[Brief]: Would you copy out exactly the lines of the listing below, beginning with the one that contains "unfolding sqnorm_def by (simp add: sum_nonneg)" and ending with the last?

[Dataset entries]:
(* Let $r$ be a positive integer, let $G$ be a finite simple graph, and let $S$ be an $r$-net of $G$. Let $H$ be the induced subgraph of $G$ obtained by deleting the vertices of $S$, and suppose $H$ has at least one vertex. Then $\lambda_1(H)^{2r} \le \lambda_1(G)^{2r} - 1$.
   Context: An $r$-net in a graph $G$ is a subset $S$ of the vertex set of $G$ such that every vertex of $G$ lies within (graph) distance at most $r$ of some vertex of $S$. For a graph $F$, $\lambda_1(F)$ denotes the largest eigenvalue of the adjacency matrix of $F$. *)

theory Defs
  imports Main "Jordan_Normal_Form.Char_Poly"
begin

definition simple_graph :: "'a set \<Rightarrow> ('a \<Rightarrow> 'a \<Rightarrow> bool) \<Rightarrow> bool" where
  "simple_graph V E \<longleftrightarrow> finite V \<and> (\<forall>u v. E u v \<longrightarrow> E v u) \<and> (\<forall>v. \<not> E v v)
     \<and> (\<forall>u v. E u v \<longrightarrow> u \<in> V \<and> v \<in> V)"

definition dist_le :: "'a set \<Rightarrow> ('a \<Rightarrow> 'a \<Rightarrow> bool) \<Rightarrow> 'a \<Rightarrow> 'a \<Rightarrow> nat \<Rightarrow> bool" where
  "dist_le V E u v k \<longleftrightarrow> (\<exists>p. p \<noteq> [] \<and> hd p = u \<and> last p = v \<and> length p \<le> k + 1
      \<and> set p \<subseteq> V \<and> (\<forall>i. Suc i < length p \<longrightarrow> E (p ! i) (p ! Suc i)))"

definition r_net :: "'a set \<Rightarrow> ('a \<Rightarrow> 'a \<Rightarrow> bool) \<Rightarrow> nat \<Rightarrow> 'a set \<Rightarrow> bool" where
  "r_net V E r S \<longleftrightarrow> S \<subseteq> V \<and> (\<forall>v\<in>V. \<exists>s\<in>S. dist_le V E v s r)"

definition adj_matrix :: "'a::linorder set \<Rightarrow> ('a \<Rightarrow> 'a \<Rightarrow> bool) \<Rightarrow> real mat" where
  "adj_matrix W E = (let vs = sorted_list_of_set W in
     mat (length vs) (length vs) (\<lambda>(i,j). if E (vs ! i) (vs ! j) then 1 else 0))"

text \<open>Largest eigenvalue of the adjacency matrix (real symmetric, so all
  eigenvalues are real).\<close>
definition lambda1 :: "'a::linorder set \<Rightarrow> ('a \<Rightarrow> 'a \<Rightarrow> bool) \<Rightarrow> real" where
  "lambda1 W E = Max {k. eigenvalue (adj_matrix W E) k}"

end

theory Submission
  imports Defs "HOL-Analysis.Function_Topology"
begin

text \<open>Let \<open>x \<ge> 0\<close> be a unit Perron eigenvector of \<open>H = G - S\<close> for \<open>\<mu> = \<lambda>\<^sub>1(H)\<close>, extended by
  zero to all of \<open>V\<close>. Counting walks, \<open>(A\<^sub>G\<^bsup>2r\<^esup>)\<^sub>u\<^sub>v \<ge> (A\<^sub>H\<^bsup>2r\<^esup>)\<^sub>u\<^sub>v\<close> for \<open>u, v \<notin> S\<close>, and on the
  diagonal \<open>G\<close> has at least one extra closed walk: go from \<open>u\<close> to a net point \<open>s\<close> in
  \<open>d \<le> r\<close> steps, return, and bounce along an edge at \<open>u\<close> for the remaining \<open>2 (r - d)\<close>
  steps. Hence \<open>x\<^sup>T A\<^sub>G\<^bsup>2r\<^esup> x \<ge> x\<^sup>T A\<^sub>H\<^bsup>2r\<^esup> x + |x|\<^sup>2 = \<mu>\<^bsup>2r\<^esup> + 1\<close>. On the other hand
  \<open>x\<^sup>T A\<^sub>G\<^bsup>2r\<^esup> x = |A\<^sub>G\<^sup>r x|\<^sup>2 \<le> \<lambda>\<^sub>1(G)\<^bsup>2r\<^esup>\<close>, because for the nonnegative symmetric \<open>A\<^sub>G\<close>
  the largest eigenvalue bounds \<open>|y\<^sup>T A\<^sub>G y| / |y|\<^sup>2\<close>. Eigenvalues are handled through the
  Rayleigh quotient, whose maximiser on the unit sphere exists by compactness.\<close>

section \<open>Quadratic forms of a real kernel\<close>

definition quad_form :: "('a \<Rightarrow> 'a \<Rightarrow> real) \<Rightarrow> 'a set \<Rightarrow> ('a \<Rightarrow> real) \<Rightarrow> real" where
  "quad_form K W f = (\<Sum>u\<in>W. \<Sum>v\<in>W. f u * K u v * f v)"

definition sqnorm :: "'a set \<Rightarrow> ('a \<Rightarrow> real) \<Rightarrow> real" where
  "sqnorm W f = (\<Sum>u\<in>W. (f u)\<^sup>2)"

definition kernel_apply :: "('a \<Rightarrow> 'a \<Rightarrow> real) \<Rightarrow> 'a set \<Rightarrow> ('a \<Rightarrow> real) \<Rightarrow> 'a \<Rightarrow> real" where
  "kernel_apply K W f u = (\<Sum>v\<in>W. K u v * f v)"

lemma sqnorm_nonneg: "0 \<le> sqnorm W f"
  unfolding sqnorm_def by (simp add: sum_nonneg)

lemma sqnorm_eq_0_iff: "finite W \<Longrightarrow> sqnorm W f = 0 \<longleftrightarrow> (\<forall>u\<in>W. f u = 0)"
  unfolding sqnorm_def by (simp add: sum_nonneg_eq_0_iff)

lemma sqnorm_abs [simp]: "sqnorm W (\<lambda>v. \<bar>f v\<bar>) = sqnorm W f"
  unfolding sqnorm_def by simp

lemma quad_form_scale: "quad_form K W (\<lambda>u. a * f u) = a\<^sup>2 * quad_form K W f"
  unfolding quad_form_def by (simp add: sum_distrib_left power2_eq_square algebra_simps)

lemma sqnorm_scale: "sqnorm W (\<lambda>u. a * f u) = a\<^sup>2 * sqnorm W f"
  unfolding sqnorm_def by (simp add: sum_distrib_left power2_eq_square algebra_simps)

lemma sqnorm_delta:
  assumes "finite W" "u \<in> W" shows "sqnorm W (\<lambda>v. if v = u then 1 else 0) = 1"
proof -
  have "sqnorm W (\<lambda>v. if v = u then 1 else 0) = (\<Sum>v\<in>W. if v = u then 1 else 0)"
    unfolding sqnorm_def by (rule sum.cong) auto
  then show ?thesis using assms by simp
qed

[Exercise answer]:
  unfolding sqnorm_def by (simp add: sum_nonneg)

lemma sqnorm_eq_0_iff: "finite W \<Longrightarrow> sqnorm W f = 0 \<longleftrightarrow> (\<forall>u\<in>W. f u = 0)"
  unfolding sqnorm_def by (simp add: sum_nonneg_eq_0_iff)

lemma sqnorm_abs [simp]: "sqnorm W (\<lambda>v. \<bar>f v\<bar>) = sqnorm W f"
  unfolding sqnorm_def by simp

lemma quad_form_scale: "quad_form K W (\<lambda>u. a * f u) = a\<^sup>2 * quad_form K W f"
  unfolding quad_form_def by (simp add: sum_distrib_left power2_eq_square algebra_simps)

lemma sqnorm_scale: "sqnorm W (\<lambda>u. a * f u) = a\<^sup>2 * sqnorm W f"
  unfolding sqnorm_def by (simp add: sum_distrib_left power2_eq_square algebra_simps)

lemma sqnorm_delta:
  assumes "finite W" "u \<in> W" shows "sqnorm W (\<lambda>v. if v = u then 1 else 0) = 1"
proof -
  have "sqnorm W (\<lambda>v. if v = u then 1 else 0) = (\<Sum>v\<in>W. if v = u then 1 else 0)"
    unfolding sqnorm_def by (rule sum.cong) auto
  then show ?thesis using assms by simp
qed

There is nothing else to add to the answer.